Monday, August 19, 2013

"TIME STANDS STILL" AN INVOLVING AND INTENSE DRAMA


                    PHOTOS OF "TIME STANDS STILL" BY LANNY NAGLER

What would you do if you were addicted to adrenalin rushes and adventurous risks?  If jumping out of airplanes and leaping off bridges on a bungee cord were activities your body craved?  A desk job would not be your first occupational choice but being a war correspondent or photo journalist, traveling to "hot spots" around the globe, might be your perfect position.

Meet James and Sarah at a moment in their lives that threatens to explode all their preconceptions or cement all the possibilities of their relationship.  TheaterWorks of Hartford will present the intense drama "Time Stands Still" by New Haven playwright and Pulitzer Prize winner Donald Margulies until Sunday, September 15.

The pressure of his position has taken its toll on James (Tim Altmeyer) and he has returned to the United States to their shared New York loft.  When he learns Sarah (Erika Rolfsrud) has been caught in a bomb exploding in Iraq, that killed her interpreter Terek, he rushes overseas to be at her side.
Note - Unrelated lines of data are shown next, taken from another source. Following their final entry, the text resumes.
(* In the truncated Gale–Shapley algorithm described in the context, with a weight function $w$ respecting the preferences, for every $i\ge 2$ we have $f_i(R)\le f_{i-1}(R)$.
   Context: Instance: a simple bipartite graph $\mathcal{G}=(R\cup B,E)$ (red nodes $R$, blue nodes $B$) without isolated nodes, each node having a linear preference order on its neighbours. Algorithm (distributed Gale–Shapley): each blue $b$ keeps $p(b)$ (current partner or $\bot$), initially $\bot$. Each red $r$ keeps a list $C(r)$, initially all neighbours in decreasing preference; $c(r)$ (candidate awaiting response, or $\bot$), initially $\bot$; $p(r)$ (partner or $\bot$), initially $\bot$. Each round consists of a blue turn then a red turn. Blue turn, for each $b$: let $P$ be the set of neighbours that sent `propose'; if $P=\emptyset$ do nothing. Otherwise let $Q=P\cup\{p(b)\}$ if $p(b)\ne\bot$, else $Q=P$; let $q$ be $b$'s most preferred node in $Q$; if $q\ne p(b)$, send `break' to $p(b)$ (if $p(b)\ne\bot$), send `accept' to $q$, and set $p(b)\gets q$; send `reject' to every $r\in P\setminus\{q\}$. Red turn, for each $r$: (1) if $c(r)\neq\bot$, receive the message from $c(r)$; if `accept' set $p(r)\gets c(r)$; if `reject' remove $c(r)$ from $C(r)$; then set $c(r)\gets\bot$. (2) If $p(r)\ne\bot$ and $p(r)$ sent `break', remove $p(r)$ from $C(r)$ and set $p(r)\gets\bot$. (3) If $p(r)=\bot$ and $C(r)$ is nonempty, set $c(r)$ to the first element of $C(r)$ and send `propose' to it. Notation: a subscript $i$ denotes the value at the end of round $i$. Let $w:E\to\mathbb{Z}_{>0}$ be a weight function respecting preferences: whenever a node $v$ prefers $x$ over $y$, $w(\{v,x\})\ge w(\{v,y\})$. The potential of $r\in R$ at the end of round $i$ is $f_i(r)=0$ if $r$ is matched ($p_i(r)\neq\bot$) or $C_i(r)$ is empty, and otherwise $f_i(r)=w(\{r,b\})$ where $b$ is the first element of $C_i(r)$; $f_i(R)=\sum_{r\in R}f_i(r)$. *)

theory Defs
  imports Main
begin
(* In the setting below, for any integer $k$ with $-g(K)\le k\le g(K)$ and any nonzero $a\in B'_k$, there is no element $b\in\widehat{CFD}(X_K^{[n]})$ with $D_1\circ D_2(b)=D_{123}(a)$ or with $D_1\circ D_{12}(b)=D_{123}(a)$.
   Context: Over $\mathbb F=\mathbb Z/2$. Let $K$ be a nontrivial knot of genus $g(K)$ in an $L$-space integral homology sphere, $C^-=CFK^-(K)$, a free $\mathbb F[U]$-complex with Alexander filtration $\cdots\subset\mathcal F_i\subset\mathcal F_{i+1}\subset\cdots$, $A(x)=\min\{i: x\in\mathcal F_i\}$, $U$ lowering $A$ by one, assumed reduced. A filtered basis is an $\mathbb F[U]$-basis whose images in the associated graded module form a basis. A vertically simplified basis is a filtered basis $\{\tilde\xi_0,\dots,\tilde\xi_{2m}\}$ with $A(\tilde\xi_{2j-1})-A(\tilde\xi_{2j})=h_j>0$, $\partial\tilde\xi_{2j-1}\equiv\tilde\xi_{2j}\pmod{UC^-}$ ($1\le j\le m$) and $\partial\tilde\xi_{2i}\equiv0\pmod{UC^-}$. A horizontally simplified basis is a filtered basis $\{\tilde\eta_0,\dots,\tilde\eta_{2m}\}$ with $A(\tilde\eta_{2j})-A(\tilde\eta_{2j-1})=\ell_j>0$, $\partial\tilde\eta_{2j-1}\equiv U^{\ell_j}\tilde\eta_{2j}\pmod{\mathcal F_{A(\tilde\eta_{2j-1})-1}}$, and $A(\partial\tilde\eta_{2i})<A(\tilde\eta_{2i})$. Fix such bases with the property that each $\tilde\xi_p$ is an $\mathbb F[U]$-combination of those $\tilde\eta_q$ with $A(a_{p,q}\tilde\eta_q)=A(\tilde\xi_p)$, and vice versa. Let $N=\widehat{CFD}(X_K^{[n]})$ (any integer framing $n$), given by the following model: $\iota_0N$ has bases $\{\xi_p\}$ and $\{\eta_p\}$ related by the change-of-basis coefficients of $\{\tilde\xi_p\},\{\tilde\eta_p\}$ evaluated at $U=0$; each element of $\iota_0N$ inherits the Alexander grading of the corresponding element of $C^-$; $\iota_1N$ has basis $\{\kappa^j_1,\dots,\kappa^j_{h_j}\}_j\cup\{\lambda^j_1,\dots,\lambda^j_{\ell_j}\}_j$ together with generators of an "unstable chain". Coefficient maps: vertical chains $\xi_{2j-1}\xrightarrow{D_1}\kappa^j_1\xleftarrow{D_{23}}\kappa^j_2\xleftarrow{D_{23}}\cdots\xleftarrow{D_{23}}\kappa^j_{h_j}\xleftarrow{D_{123}}\xi_{2j}$; horizontal chains $\eta_{2j-1}\xrightarrow{D_3}\lambda^j_1\xrightarrow{D_{23}}\cdots\xrightarrow{D_{23}}\lambda^j_{\ell_j}\xrightarrow{D_2}\eta_{2j}$; and an unstable chain connecting $\xi_0$ to $\eta_0$ depending on $t=n-2\tau(K)$ (where $\tau(K)=A(\tilde\xi_0)$): for $t>0$, $\xi_0\xrightarrow{D_1}\mu_1\xleftarrow{D_{23}}\cdots\xleftarrow{D_{23}}\mu_t\xleftarrow{D_3}\eta_0$; for $t=0$, $\xi_0\xrightarrow{D_1}\nu_1\xleftarrow{D_\emptyset}\nu_2\xrightarrow{D_2}\eta_0$ (for an $L$-space knot, instead $\xi_0\xrightarrow{D_{12}}\eta_0$); for $t<0$, $\xi_0\xrightarrow{D_{12}}\nu_1\xleftarrow{D_\emptyset}\nu_2\xrightarrow{D_3}\mu_1\xrightarrow{D_{23}}\cdots\xrightarrow{D_{23}}\mu_{|t|}\xrightarrow{D_2}\eta_0$ (for an $L$-space knot, instead $\xi_0\xrightarrow{D_{123}}\mu_1\xrightarrow{D_{23}}\cdots\xrightarrow{D_{23}}\mu_{|t|}\xrightarrow{D_2}\eta_0$). Here an arrow $x\xrightarrow{D_I}y$ means $y$ appears in $D_I(x)$, the $D_I$ being extended linearly. $B_k\subset\iota_0N$ is the span of elements of Alexander grading $k$, and $B'_k=B_k\cap\operatorname{span}\{\xi_2,\xi_4,\dots,\xi_{2m}\}\cap\operatorname{span}\{\eta_1,\eta_3,\dots,\eta_{2m-1}\}$. *)

theory Defs
  imports "HOL-Library.Z2" "HOL-Library.Function_Algebras" "HOL-Computational_Algebra.Polynomial"
begin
Carefully he escorts her back across the pond, wounded mentally and physically, and they are forced to reevaluate their personal and professional arrangements.  A visit from their magazine editor and good friend Richard (Matthew Boston) raises lots of issues when he appears on their doorstep, with a new, much younger girl friend Mandy (Liz Holtan) in tow who naively raises questions.

Mandy wonders aloud why they risk their lives, why Sarah takes pictures of catastrophes instead of doing anything to save lives, especially of wounded babies?  When Richard and Mandy's relationship escalates to marriage and a baby, Sarah and James feel compelled to reevaluate their own and whether they can stay in this country and not return to a war zone.  Perhaps they can recycle their careers to safer and more conservative turns, to make a lasting commitment to each other.  Sarah's parents' failed marriage is a fearful memory, but perhaps it can be erased as an obstacle.  Rob Ruggiero directs this intense and escalating confrontation of wills with a powerful hand.

For tickets ($50-63), call Hartford TheaterWorks, 233 Pearl Street at 860-527-7838 or online at www.theaterworkshartford.org.  Performances are Tuesday, Wednesday and Thursday at 7:30 p.m., Friday and Saturday at 8 p.m. and Saturday and Sunday at 2:30 p.m.  Talk backs are Tuesdays August 27, September 3 and 10.  Come early for a compelling display of photographs curated by the theater to demonstrate the perils of war and the emergency response to disasters.

The lens of a camera and the words of a correspondent are powerful aphrodisiacs for two people addicted to action, but do they have the power to change their focus?